Task brief
Begin at the line containing "using conn_Un_singleton_le_conn_delete[OF M" in the data below and go on through the line containing "(* Let $\varphi$", repeating each line exactly; include both ends and no other line.

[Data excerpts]
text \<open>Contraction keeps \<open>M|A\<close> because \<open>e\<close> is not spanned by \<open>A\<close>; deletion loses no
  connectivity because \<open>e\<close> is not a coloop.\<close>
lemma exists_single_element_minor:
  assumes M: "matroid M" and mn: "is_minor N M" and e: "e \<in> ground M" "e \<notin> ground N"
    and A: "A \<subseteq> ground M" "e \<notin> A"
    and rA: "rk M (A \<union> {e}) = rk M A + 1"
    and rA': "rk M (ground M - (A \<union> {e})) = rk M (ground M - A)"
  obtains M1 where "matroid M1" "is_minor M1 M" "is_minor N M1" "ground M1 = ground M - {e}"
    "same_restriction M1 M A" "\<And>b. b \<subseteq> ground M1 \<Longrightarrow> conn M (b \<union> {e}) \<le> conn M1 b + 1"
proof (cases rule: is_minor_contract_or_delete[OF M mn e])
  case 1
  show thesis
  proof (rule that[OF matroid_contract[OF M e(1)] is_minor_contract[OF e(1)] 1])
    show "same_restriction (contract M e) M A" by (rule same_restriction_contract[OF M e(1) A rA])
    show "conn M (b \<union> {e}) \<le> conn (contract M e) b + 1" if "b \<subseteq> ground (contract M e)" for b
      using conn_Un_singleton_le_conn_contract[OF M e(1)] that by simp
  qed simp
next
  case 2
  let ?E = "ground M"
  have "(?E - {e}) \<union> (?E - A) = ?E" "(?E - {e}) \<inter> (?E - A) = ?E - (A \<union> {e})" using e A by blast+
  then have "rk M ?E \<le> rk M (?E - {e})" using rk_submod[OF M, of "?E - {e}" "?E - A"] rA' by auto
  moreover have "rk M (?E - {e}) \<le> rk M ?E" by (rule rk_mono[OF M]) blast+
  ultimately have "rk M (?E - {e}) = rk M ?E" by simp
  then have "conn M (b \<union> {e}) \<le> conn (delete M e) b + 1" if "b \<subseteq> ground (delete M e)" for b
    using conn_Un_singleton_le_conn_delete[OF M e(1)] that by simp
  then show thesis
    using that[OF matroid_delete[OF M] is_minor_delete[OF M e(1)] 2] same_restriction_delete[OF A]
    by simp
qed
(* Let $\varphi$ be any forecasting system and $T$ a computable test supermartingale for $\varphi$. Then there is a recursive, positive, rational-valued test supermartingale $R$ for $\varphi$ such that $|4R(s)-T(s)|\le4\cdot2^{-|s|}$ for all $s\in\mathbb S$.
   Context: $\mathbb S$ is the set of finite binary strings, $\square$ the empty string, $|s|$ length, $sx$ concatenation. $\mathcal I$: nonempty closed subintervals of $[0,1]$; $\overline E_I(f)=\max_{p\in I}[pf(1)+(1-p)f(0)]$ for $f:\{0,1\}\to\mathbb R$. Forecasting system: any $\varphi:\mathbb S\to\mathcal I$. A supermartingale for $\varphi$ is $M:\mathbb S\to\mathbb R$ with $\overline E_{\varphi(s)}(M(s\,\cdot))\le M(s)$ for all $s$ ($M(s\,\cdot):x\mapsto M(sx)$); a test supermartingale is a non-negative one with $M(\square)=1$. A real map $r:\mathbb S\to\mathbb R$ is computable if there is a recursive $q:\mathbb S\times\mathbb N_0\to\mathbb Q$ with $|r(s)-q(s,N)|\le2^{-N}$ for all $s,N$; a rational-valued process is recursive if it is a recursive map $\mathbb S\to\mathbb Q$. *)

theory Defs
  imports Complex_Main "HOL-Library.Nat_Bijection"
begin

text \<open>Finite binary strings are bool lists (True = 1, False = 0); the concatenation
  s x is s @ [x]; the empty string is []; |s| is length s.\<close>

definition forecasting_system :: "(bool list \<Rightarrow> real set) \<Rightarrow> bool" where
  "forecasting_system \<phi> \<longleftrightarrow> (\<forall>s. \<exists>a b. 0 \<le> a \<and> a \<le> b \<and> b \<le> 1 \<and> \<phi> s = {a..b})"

Exercise output
    using conn_Un_singleton_le_conn_delete[OF M e(1)] that by simp
  then show thesis
    using that[OF matroid_delete[OF M] is_minor_delete[OF M e(1)] 2] same_restriction_delete[OF A]
    by simp
qed
(* Let $\varphi$ be any forecasting system and $T$ a computable test supermartingale for $\varphi$. Then there is a recursive, positive, rational-valued test supermartingale $R$ for $\varphi$ such that $|4R(s)-T(s)|\le4\cdot2^{-|s|}$ for all $s\in\mathbb S$.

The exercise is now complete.